Goats have horns. That’s something I always took for granted. I grew up seeing goats on mountaintops throughout my childhood in Austria, and every one of them had horns. But when we picked up our first baby goats four years ago, they had smooth heads. Puzzled, I asked their seller at what age they would grow horns. They wouldn’t, I was told. Our kids had been “disbudded.”
In all breeds of goats, both males and females have horns for reasons connected to their survival. They come into play when goats butt for territory and breeding rights and they can help a goat defend itself from predators. But what’s less obvious is that horns are also crucial to a goat’s temperature regulation: excess body heat is carried to the horn’s dense network of blood vessels and released. Goats without horns pant to cool off, but that doesn’t do the job as well as their horns would have been. They don’t tolerate heat well.
The practice of removing horns from goats developed with domestication. Goats without horns are easier to handle in large numbers on dairy farms. An angry or threatened goat can injure farm workers or other animals. Goats without horns are also less likely to get tangled in hay feeders or fences.
The price of practicality, though, is high. Goats have been bred to be polled — born hornless. But in the last century, farmers came to understand that the practice led to genetic complications including hermaphroditism, which is not great if a goal of your farming is milk and cheese production.
Instead, disbudding has become common practice: the kids’ budding horns are burned with a hot iron soon after birth, destroying all the cells that promote further growth of horn tissue.
A goat’s horn consists of a bony core covered in keratin, the same material our human hair and fingernails are made of. Horns, however, more closely resemble our teeth than our hair or fingernails, in that they are alive with blood vessels and nerves. So, the procedure can be painful, and, if it’s not done properly, the kid can suffer permanent scarring, brain damage, or even death. One of our goats, Lance Romance, came to us with a thick scar on the top of his head where his skull was burned in a botched disbudding procedure.
An alternative to disbudding, for older animals, is dehorning. Suffice it to say the procedure is riskier and more controversial than debudding, though both practices — which are not regulated in the U.S. — are increasingly being reconsidered.
For backyard farmers, the choice is perhaps not as complex as it is on large-scale farms.
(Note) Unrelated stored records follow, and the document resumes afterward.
lemma eq_0_on_Mons_if_relations_in_avar0_line:
  fixes D :: "(nat \<Rightarrow>\<^sub>0 nat) \<Rightarrow> 'k::field Khat" and \<mu> :: "nat \<Rightarrow> nat \<Rightarrow> 'k Khat"
  assumes sc: "simplicial_complex n d \<Delta>" and pure: "\<And>F. F \<in> facets \<Delta> \<Longrightarrow> card F = d"
    and nonzero: "\<And>F j. F \<in> facets \<Delta> \<Longrightarrow> j \<in> F \<Longrightarrow> bracket d (hat_col \<mu>) (insert 0 F - {j}) \<noteq> 0"
    and nonface: "\<And>\<alpha>. \<alpha> \<in> Mons n d \<Longrightarrow> Poly_Mapping.keys \<alpha> \<notin> \<Delta> \<Longrightarrow> D \<alpha> = 0"
    and facet: "\<And>F. F \<in> facets \<Delta> \<Longrightarrow> D (mono_of F) = 0"
    and rel: "\<And>\<beta>. \<beta> \<in> Mons n (d - 1) \<Longrightarrow>
      \<exists>c. \<forall>i\<in>{1..d}. (\<Sum>j=1..n. \<mu> i j * D (\<beta> + Poly_Mapping.single j 1)) = c * avar i 0"
    and "\<alpha> \<in> Mons n d"
  shows "D \<alpha> = 0"
  using \<open>\<alpha> \<in> Mons n d\<close>
proof (induction "d - card (Poly_Mapping.keys \<alpha>)" arbitrary: \<alpha> rule: less_induct)
  case less
  let ?G = "Poly_Mapping.keys \<alpha>"
  have G: "?G \<subseteq> {1..n}" "mdeg \<alpha> = d" using less.prems unfolding Mons_def by auto
  consider "?G \<notin> \<Delta>" | "?G \<in> \<Delta>" "card ?G = d" | "?G \<in> \<Delta>" "card ?G < d"
    using card_face_le[OF sc] by fastforce
  then show ?case
  proof cases
    case 1
    then show ?thesis using nonface less.prems by blast
  next
    case 2
    then have "?G \<in> facets \<Delta>" "\<alpha> = mono_of ?G"
      using face_of_card_d_is_facet[OF sc] eq_mono_of_keys_if_mdeg_eq_card G(2) by auto
    then show ?thesis using facet by metis
  next
    case 3
    obtain j where j: "j \<in> ?G" "2 \<le> Poly_Mapping.lookup \<alpha> j"
      using exponent_ge_2_if_card_keys_less_mdeg 3(2) G(2) by metis
    obtain \<beta> where \<beta>: "\<alpha> = \<beta> + Poly_Mapping.single j 1" "\<beta> \<in> Mons n (d - 1)"
      "Poly_Mapping.keys \<beta> = ?G"
      using Mons_remove_single[OF less.prems j(2)] by metis
    have outside: "D (\<beta> + Poly_Mapping.single j' 1) = 0" if j': "j' \<in> {1..n} - ?G" for j'
    proof (rule less.hyps)
      have "Poly_Mapping.keys (\<beta> + Poly_Mapping.single j' 1) = insert j' ?G"
        unfolding keys_add_single \<beta>(3) ..
      then show "d - card (Poly_Mapping.keys (\<beta> + Poly_Mapping.single j' 1)) < d - card ?G"
        using j' 3(2) by simp
      show "\<beta> + Poly_Mapping.single j' 1 \<in> Mons n d"
        using Mons_add_single[OF \<beta>(2)] j' 3(2) by simp
    qed
    obtain c where c: "\<And>i. i \<in> {1..d} \<Longrightarrow>
        (\<Sum>j'=1..n. \<mu> i j' * D (\<beta> + Poly_Mapping.single j' 1)) = c * avar i 0"
      using rel[OF \<beta>(2)] by blast
    have comb: "(\<Sum>j'\<in>?G. \<mu> i j' * D (\<beta> + Poly_Mapping.single j' 1)) = c * avar i 0"
      if "i \<in> {1..d}" for i
    proof -
      have "(\<Sum>j'=1..n. \<mu> i j' * D (\<beta> + Poly_Mapping.single j' 1))
          = (\<Sum>j'\<in>?G. \<mu> i j' * D (\<beta> + Poly_Mapping.single j' 1))"
        by (rule sum.mono_neutral_right) (use G(1) outside in auto)
      then show ?thesis using c[OF that] by simp
    qed
    have "D (\<beta> + Poly_Mapping.single j 1) = 0"
      using sc pure nonzero 3 comb j(1) by (rule coeff_eq_0_if_face_combination_in_avar0_line)
    then show ?thesis using \<beta>(1) by simp
  qed
qed

section \<open>The formula\<close>

lemma Xc_ne_0:
  assumes sc: "simplicial_complex n d \<Delta>" and F: "F \<in> facets \<Delta>" "card F = d" "j \<in> F"
    and K: "\<forall>i\<in>{1..d}. \<forall>j\<in>{1..n}. \<mu> i j \<in> Kfield d n"
    and "bracket d (hat_col \<mu>) F \<noteq> 0"
  shows "Xc d \<mu> F j \<noteq> 0"
proof -
  have "F \<in> \<Delta>" by (rule facet_in_complex[OF F(1)])
  then have "bracket d (hat_col \<mu>) (insert 0 F - {j}) \<noteq> 0"
    using assms face_subset_vertices[OF sc] Kfield_a0_free
    by (intro bracket_insert0_ne_0 finite_face[OF sc] zero_notin_face[OF sc]) blast+
  then show ?thesis by (simp add: Xc_def)
qed

definition facet_point :: "nat \<Rightarrow> (nat \<Rightarrow> nat \<Rightarrow> 'k::field Khat) \<Rightarrow> nat set \<Rightarrow> nat \<Rightarrow> 'k Khat" where
  "facet_point d \<mu> F = (\<lambda>j. if j \<in> F then Xc d \<mu> F j else 0)"

definition deg_formula :: "'k::field itself \<Rightarrow> nat \<Rightarrow> nat set set \<Rightarrow> (nat set \<Rightarrow> nat list)
    \<Rightarrow> (nat \<Rightarrow> nat \<Rightarrow> 'k Khat) \<Rightarrow> (nat \<Rightarrow>\<^sub>0 nat) \<Rightarrow> 'k Khat" where
  "deg_formula k d \<Delta> ori \<mu> \<alpha> = (\<Sum>F\<in>facets \<Delta>. eps k ori F * mono_eval \<alpha> (facet_point d \<mu> F)
      / (bracket d (hat_col \<mu>) F * (\<Prod>j\<in>F. Xc d \<mu> F j)))"

lemma mono_eval_facet_point_eq_0:
  "\<not> Poly_Mapping.keys \<alpha> \<subseteq> F \<Longrightarrow> mono_eval \<alpha> (facet_point d \<mu> F) = 0"
  by (metis facet_point_def mono_eval_eq_0 subsetI)

lemma deg_formula_nonface:
  assumes sc: "simplicial_complex n d \<Delta>" and "Poly_Mapping.keys \<alpha> \<notin> \<Delta>"
  shows "deg_formula k d \<Delta> ori \<mu> \<alpha> = 0"
  unfolding deg_formula_def
proof (rule sum.neutral, rule ballI)
  fix F assume "F \<in> facets \<Delta>"
  then have "\<not> Poly_Mapping.keys \<alpha> \<subseteq> F"
    using assms face_downward_closed[OF sc facet_in_complex] by blast
  then show "eps k ori F * mono_eval \<alpha> (facet_point d \<mu> F)
      / (bracket d (hat_col \<mu>) F * (\<Prod>j\<in>F. Xc d \<mu> F j)) = 0"
    by (simp add: mono_eval_facet_point_eq_0)
qed

lemma deg_formula_mono_of_facet:
  assumes sc: "simplicial_complex n d \<Delta>" and G: "G \<in> facets \<Delta>"
    and nonzero: "\<And>j. j \<in> G \<Longrightarrow> Xc d \<mu> G j \<noteq> 0"
  shows "deg_formula k d \<Delta> ori \<mu> (mono_of G) = eps k ori G / bracket d (hat_col \<mu>) G"
proof -
  have fin: "finite G" using finite_face[OF sc facet_in_complex[OF G]] .
  have others: "mono_eval (mono_of G) (facet_point d \<mu> F) = 0" if "F \<in> facets \<Delta> - {G}" for F
  proof (rule mono_eval_facet_point_eq_0)
    show "\<not> Poly_Mapping.keys (mono_of G) \<subseteq> F"
      using that G facet_in_complex unfolding keys_mono_of[OF fin] facets_def by blast
  qed
  have "mono_eval (mono_of G) (facet_point d \<mu> G) = (\<Prod>j\<in>G. Xc d \<mu> G j)"
    by (simp add: mono_eval_mono_of fin facet_point_def)
  moreover have "(\<Prod>j\<in>G. Xc d \<mu> G j) \<noteq> 0" using fin nonzero by simp
  ultimately show ?thesis
    unfolding deg_formula_def using finite_facets[OF sc] G
    by (simp add: sum.remove others)
qed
Those who choose to disbud new kids can see that the job is done by a good vet who will use anesthesia and post-procedure medications to help the newborn goat recover quickly.
Since we’re raising just a few goats for company as much as for milk, the pain and risk of debudding don’t seem worth it to us. Our approach is to treat our goats with kindness and love, but also awareness of their instincts, and willingness to show them a healthy amount of assertiveness.
Our new kids will soon sport the small, slightly curved horns characteristic of their Nigerian Dwarf breed. We look forward to seeing their handsome headdresses take shape.